Franchement, il y a eu des analyses stupides et peu sincères sur le marché immobilier, en particulier sur la menace des « capitaux propres négatifs ». Il y a eu un raz-de-marée de larmes de crocodile de la part des « experts » qui craignent pour les jeunes qui auraient pu acheter une maison ces derniers mois.
C’est presque comme s’ils avaient délibérément ignoré les baisses de prix comme celles de 2022 ou du début de 2020 ou celles entre 2017 et 2019, lorsque la valeur des logements à Sydney a baissé de 14 % à elle seule. Ou la longue période de baisse à Perth entre 2014 et 2017 qui a effacé plus de 15 % des prix médians de l’immobilier.
Personne ne semblait se soucier des capitaux propres négatifs pendant ces périodes.
La Reserve Bank, cependant, garde un œil sur les fonds propres négatifs, sur le marché immobilier et sur le niveau général de misère. N’oubliez pas que son rôle consiste à maintenir l’inflation entre 2 et 3 pour cent tout en garantissant que le plus grand nombre possible d’Australiens aient un emploi. Et sa principale arme pour y parvenir, ce sont les taux d’intérêt.

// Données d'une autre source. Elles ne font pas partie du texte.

(* Let $\Sigma$ be an alphabet with $|\Sigma|\ge3$, $k\ge1$, and $f\colon(\Sigma^* )^k\to\Sigma^*$ RCP. Then exactly one of the following holds: ($C_1$) there exists $b\in\Sigma$ such that $f(x_1,\ldots,x_k)\in b\Sigma^*$ for all $x_1,\ldots,x_k\in\Sigma^*$; ($C_2$) there exists $i\in\{1,\ldots,k\}$ such that $f(x_1,\ldots,x_k)\in x_i\Sigma^*$ for all $x_1,\ldots,x_k\in\Sigma^*$; ($C_3$) $f(x_1,\ldots,x_k)=\varepsilon$ for all $x_1,\ldots,x_k\in\Sigma^*$.
   Context: $\Sigma^*$ is the free monoid over $\Sigma$ (finite words, concatenation, empty word $\varepsilon$). For a word $w$, $w\Sigma^*$ denotes the set of words having $w$ as a prefix. A function $f\colon(\Sigma^* )^k\to\Sigma^*$ is RCP if for every monoid morphism $\varphi\colon\Sigma^*\to\Sigma^*$ and all $u_1,\ldots,u_k,v_1,\ldots,v_k$ with $\varphi(u_i)=\varphi(v_i)$ for all $i$, we have $\varphi(f(u_1,\ldots,u_k))=\varphi(f(v_1,\ldots,v_k))$. *)

theory Defs
  imports Main
begin

text \<open>Words over the alphabet 'a are lists; concatenation is append, the empty word is Nil.
A k-tuple of words is a list of words of length k.\<close>

definition monoid_morphism :: "('a list \<Rightarrow> 'a list) \<Rightarrow> bool" where
  "monoid_morphism \<phi> \<longleftrightarrow> \<phi> [] = [] \<and> (\<forall>u v. \<phi> (u @ v) = \<phi> u @ \<phi> v)"

definition prefix_set :: "'a list \<Rightarrow> 'a list set" where
  "prefix_set w = {w @ z | z. True}"

definition RCP :: "nat \<Rightarrow> ('a list list \<Rightarrow> 'a list) \<Rightarrow> bool" where
  "RCP k f \<longleftrightarrow> (\<forall>\<phi> us vs. monoid_morphism \<phi> \<longrightarrow> length us = k \<longrightarrow> length vs = k \<longrightarrow>
      (\<forall>i<k. \<phi> (us ! i) = \<phi> (vs ! i)) \<longrightarrow> \<phi> (f us) = \<phi> (f vs))"

end

theory Submission
  imports Defs "HOL-Library.Sublist"
begin

text \<open>With at least three letters an RCP function is governed by the first letter of its values,
  so we track \<open>take 1\<close> of them: a constant \<open>take 1\<close> equal to \<open>[b]\<close> or \<open>[]\<close> is case
  \<open>C\<^sub>1\<close> or \<open>C\<^sub>3\<close>.

  For one argument, identifying two letters shows that the first letter of \<open>g [d]\<close> is either
  \<open>d\<close> for every \<open>d\<close> or independent of \<open>d\<close>, and erasing a letter extends this to \<open>g []\<close>.
  It spreads to all words by induction on the number of distinct letters: a word is identified
  with simpler words by two nonerasing morphisms that jointly separate first letters, and such a
  pair reflects prefixes.

  For \<open>k + 1\<close> arguments, fixing the last argument gives \<open>k\<close>-ary RCP functions and fixing the
  others gives unary ones. Evaluating at tuples of single letters shows that the two families of
  slices can only combine into one of the three global shapes.\<close>

section \<open>Letter-to-word morphisms\<close>

definition morph :: "('a \<Rightarrow> 'a list) \<Rightarrow> 'a list \<Rightarrow> 'a list" where
  "morph h w = concat (map h w)"

lemma morph_Nil [simp]: "morph h [] = []"
  and morph_Cons [simp]: "morph h (x # w) = h x @ morph h w"
  and morph_append [simp]: "morph h (u @ v) = morph h u @ morph h v"
  by (simp_all add: morph_def)

lemma morph_letterwise [simp]: "morph (\<lambda>x. [\<sigma> x]) w = map \<sigma> w"
  by (induction w) auto

lemma morph_fresh_subst_eq:
  "c \<notin> set z \<Longrightarrow> morph ((\<lambda>x. [x])(c := z)) z = morph ((\<lambda>x. [x])(c := z)) [c]"
proof -
  assume "c \<notin> set z"
  then have "morph ((\<lambda>x. [x])(c := u)) z = z" for u
    by (induction z) auto
  then show ?thesis
    by simp
qed

lemma morph_erase [simp]: "morph ((\<lambda>x. [x])(d := [])) w = filter (\<lambda>x. x \<noteq> d) w"
  by (induction w) auto

lemma morph_eq_Nil_iff: "\<forall>x. h x \<noteq> [] \<Longrightarrow> morph h w = [] \<longleftrightarrow> w = []"
  by (cases w) auto

lemma prefix_morph: "prefix u v \<Longrightarrow> prefix (morph h u) (morph h v)"
  by (auto simp: prefix_def)

lemma monoid_morphism_morph: "monoid_morphism (morph h)"
  by (simp add: monoid_morphism_def)

lemma take_one_eq_singleton_iff: "take 1 w = [b] \<longleftrightarrow> prefix [b] w"
  by (cases w) auto

lemma take_one_prefix: "prefix u v \<Longrightarrow> u \<noteq> [] \<Longrightarrow> take 1 v = take 1 u"
  by (cases u) (auto simp: prefix_def)

lemma hd_prefix: "prefix u v \<Longrightarrow> u \<noteq> [] \<Longrightarrow> hd v = hd u"
  by (cases u) (auto simp: prefix_def)

lemma ex_third_letter:
  assumes "card (UNIV :: 'a::finite set) \<ge> 3"
  shows "\<exists>z::'a. z \<noteq> x \<and> z \<noteq> y"
proof -
  have "card {x, y} \<le> 2"
    by (simp add: card_insert_if)
  with assms have "{x, y} \<noteq> UNIV"
    by auto
  then show ?thesis
    by blast
qed

definition separating_pair :: "('a \<Rightarrow> 'a list) \<Rightarrow> ('a \<Rightarrow> 'a list) \<Rightarrow> bool" where
  "separating_pair h\<^sub>1 h\<^sub>2 \<longleftrightarrow> (\<forall>x. h\<^sub>1 x \<noteq> [] \<and> h\<^sub>2 x \<noteq> [])
    \<and> (\<forall>s t. s \<noteq> t \<longrightarrow> hd (h\<^sub>1 s) \<noteq> hd (h\<^sub>1 t) \<or> hd (h\<^sub>2 s) \<noteq> hd (h\<^sub>2 t))"

lemma prefix_by_separating_pair:
  assumes "separating_pair h\<^sub>1 h\<^sub>2"
    and "prefix (morph h\<^sub>1 u) (morph h\<^sub>1 v)" and "prefix (morph h\<^sub>2 u) (morph h\<^sub>2 v)"
  shows "prefix u v"
  using assms(2,3)
proof (induction u arbitrary: v)
  case Nil
  then show ?case by simp
next
  case (Cons s u)
  have nonerasing: "h\<^sub>1 x \<noteq> []" "h\<^sub>2 x \<noteq> []" for x
    using assms(1) by (simp_all add: separating_pair_def)
  then obtain t v' where v: "v = t # v'"
    using Cons.prems(1) by (cases v) (auto simp: prefix_def)
  have "hd (h\<^sub>1 s) = hd (h\<^sub>1 t)" "hd (h\<^sub>2 s) = hd (h\<^sub>2 t)"
    using hd_prefix[OF Cons.prems(1)] hd_prefix[OF Cons.prems(2)] nonerasing
    by (simp_all add: v)
  then have "s = t"
    using assms(1) by (auto simp: separating_pair_def)
  then show ?case
    using Cons by (simp add: v)
qed

lemma morph_merge_eq:
  "a \<noteq> c \<Longrightarrow> morph (\<lambda>x. [(id(c := a)) x]) z = morph (\<lambda>x. [(id(c := a)) x]) (map (id(c := a)) z)"
  by (induction z) auto

lemma card_set_map_merge_less:
  assumes "c \<in> set z" "a \<in> set z" "a \<noteq> c"
  shows "card (set (map (id(c := a)) z)) < card (set z)"
proof -
  have "set (map (id(c := a)) z) \<subseteq> set z - {c}"
    using assms by auto
  then have "card (set (map (id(c := a)) z)) \<le> card (set z - {c})"
    by (simp add: card_mono)
  also have "\<dots> < card (set z)"
    using assms(1) by (metis card_Diff1_less finite_set)
  finally show ?thesis .
qed

lemma finite_set_cases_by_card:
  assumes "finite A"
  obtains "A = {}" | a where "A = {a}" | a e where "a \<noteq> e" "A = {a, e}"
    | a c d where "{a, c, d} \<subseteq> A" "a \<noteq> c" "a \<noteq> d" "c \<noteq> d"
proof -
  consider "card A = 0" | "card A = 1" | "card A = 2" | "card A \<ge> 3"
    by linarith
  then show ?thesis
  proof cases
    case 1
    then show ?thesis using that(1) assms by simp
  next
    case 2
    then show ?thesis using that(2) by (auto simp: card_1_singleton_iff)
  next
    case 3
    then show ?thesis using that(3) by (auto simp: card_2_iff)
  next
    case 4
    then obtain B where "B \<subseteq> A" "card B = 3"
      by (meson obtain_subset_with_card_n)
    then show ?thesis
      using that(4) unfolding card_3_iff by blast
  qed
qed

text \<open>Every nonempty word is identified, by each morphism of a separating pair, with a single
  letter or with a word over fewer distinct letters: a letter absent from the word is substituted
  by the whole word, or two of its letters are merged.\<close>

lemma separating_reduction:
  fixes z :: "'a::finite list"
  assumes three: "card (UNIV :: 'a set) \<ge> 3" and "z \<noteq> []"
  obtains h\<^sub>1 h\<^sub>2 z\<^sub>1 z\<^sub>2 where "separating_pair h\<^sub>1 h\<^sub>2"
    and "morph h\<^sub>1 z = morph h\<^sub>1 z\<^sub>1" "length z\<^sub>1 = 1 \<or> card (set z\<^sub>1) < card (set z)"
    and "morph h\<^sub>2 z = morph h\<^sub>2 z\<^sub>2" "length z\<^sub>2 = 1 \<or> card (set z\<^sub>2) < card (set z)"
proof -
  have hd_z: "hd z \<in> set z"
    using \<open>z \<noteq> []\<close> by simp
  from finite_set_cases_by_card[OF finite_set[of z]] show ?thesis
  proof cases
    case 1
    then show ?thesis using \<open>z \<noteq> []\<close> by simp
  next
    case (2 a)
    obtain c\<^sub>1 where c\<^sub>1: "c\<^sub>1 \<noteq> a"
      using ex_third_letter[OF three, of a a] by blast
    obtain c\<^sub>2 where c\<^sub>2: "c\<^sub>2 \<noteq> a" "c\<^sub>2 \<noteq> c\<^sub>1"
      using ex_third_letter[OF three, of a c\<^sub>1] by blast
    show ?thesis
    proof (rule that[of "(\<lambda>x. [x])(c\<^sub>1 := z)" "(\<lambda>x. [x])(c\<^sub>2 := z)" "[c\<^sub>1]" "[c\<^sub>2]"])
      show "separating_pair ((\<lambda>x. [x])(c\<^sub>1 := z)) ((\<lambda>x. [x])(c\<^sub>2 := z))"
        using 2 hd_z c\<^sub>1 c\<^sub>2 \<open>z \<noteq> []\<close> by (auto simp: separating_pair_def)
    qed (use 2 c\<^sub>1 c\<^sub>2 in \<open>simp_all add: morph_fresh_subst_eq\<close>)
  next
    case (3 a e)
    obtain c where c: "c \<noteq> a" "c \<noteq> e"
      using ex_third_letter[OF three, of a e] by blast
    show ?thesis
    proof (rule that[of "(\<lambda>x. [x])(c := z)" "\<lambda>x. [(id(a := e)) x]" "[c]" "map (id(a := e)) z"])
      show "separating_pair ((\<lambda>x. [x])(c := z)) (\<lambda>x. [(id(a := e)) x])"
        using 3 hd_z c \<open>z \<noteq> []\<close> by (auto simp: separating_pair_def)
    qed (use 3 c in \<open>simp_all add: morph_fresh_subst_eq morph_merge_eq card_set_map_merge_less\<close>)
  next
    case (4 a c d)
    show ?thesis
    proof (rule that[of "\<lambda>x. [(id(c := a)) x]" "\<lambda>x. [(id(c := d)) x]"
          "map (id(c := a)) z" "map (id(c := d)) z"])
      show "separating_pair (\<lambda>x. [(id(c := a)) x]) (\<lambda>x. [(id(c := d)) x])"
        using 4 by (auto simp: separating_pair_def)
      show "length (map (id(c := a)) z) = 1 \<or> card (set (map (id(c := a)) z)) < card (set z)"
        using 4 card_set_map_merge_less[of c z a] by simp
      show "length (map (id(c := d)) z) = 1 \<or> card (set (map (id(c := d)) z)) < card (set z)"
        using 4 card_set_map_merge_less[of c z d] by simp
    qed (use 4 in \<open>simp_all add: morph_merge_eq\<close>)
  qed
qed

lemma prefix_invariant_from_letters:
  fixes g tgt :: "'a::finite list \<Rightarrow> 'a list"
  assumes three: "card (UNIV :: 'a set) \<ge> 3"
    and base_Nil: "prefix (tgt []) (g [])" and base_letter: "\<And>d. prefix (tgt [d]) (g [d])"
    and transfer: "\<And>h z z'. \<forall>x. h x \<noteq> [] \<Longrightarrow> morph h z = morph h z' \<Longrightarrow>
      prefix (tgt z') (g z') \<Longrightarrow> prefix (morph h (tgt z)) (morph h (g z))"
  shows "prefix (tgt z) (g z)"
proof (induction "card (set z)" arbitrary: z rule: less_induct)
  case less
  show ?case
  proof (cases "z = []")
    case False
    obtain h\<^sub>1 h\<^sub>2 z\<^sub>1 z\<^sub>2 where pair: "separating_pair h\<^sub>1 h\<^sub>2"
      and z\<^sub>1: "morph h\<^sub>1 z = morph h\<^sub>1 z\<^sub>1" "length z\<^sub>1 = 1 \<or> card (set z\<^sub>1) < card (set z)"
      and z\<^sub>2: "morph h\<^sub>2 z = morph h\<^sub>2 z\<^sub>2" "length z\<^sub>2 = 1 \<or> card (set z\<^sub>2) < card (set z)"
      using separating_reduction[OF three False] by blast
    have reduced: "prefix (tgt z') (g z')" if "length z' = 1 \<or> card (set z') < card (set z)" for z'
      using that less base_letter by (auto simp: length_Suc_conv)
    have "\<forall>x. h\<^sub>1 x \<noteq> []" "\<forall>x. h\<^sub>2 x \<noteq> []"
      using pair by (simp_all add: separating_pair_def)
    then show ?thesis
      using prefix_by_separating_pair[OF pair] transfer z\<^sub>1 z\<^sub>2 reduced by blast
  qed (simp add: base_Nil)
qed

En d’autres termes, la RBA est l’indice australien de la misère.
Annonçant mardi que la banque avait décidé de maintenir les taux d’intérêt stables, Bullock a insisté lors de sa conférence de presse pour avertir que si l’inflation ne ralentissait pas aussi rapidement que la banque le prévoit, alors les emprunteurs immobiliers du pays seraient frappés par une nouvelle hausse des taux.
Super, dites-vous. Encore plus de malheur.
Bullock a mis de côté le fait que le comité de politique monétaire de la banque avait décidé à l’unanimité de ne pas relever les taux. Il a également été peu fait référence à la façon dont les prévisions fraîchement formulées par la banque indiquaient toutes que l’économie perdait de sa vigueur inflationniste au cours des trois derniers mois.
Mais elle a noté que les trois précédentes hausses de taux de la banque n’ont pas encore pleinement affecté l’économie (ce qui peut prendre jusqu’à 18 mois) et qu’un ralentissement du marché immobilier serait susceptible de freiner les dépenses de consommation et l’investissement dans le logement, qui ont été une source clé d’inflation au cours des cinq dernières années.
Tout cela suggère qu’il faudra un certain temps avant que les Australiens commencent à se sentir beaucoup mieux dans leur peau.
Quelle misérable idée de terminer cette chronique.
Shane Wright est un correspondant économique principal.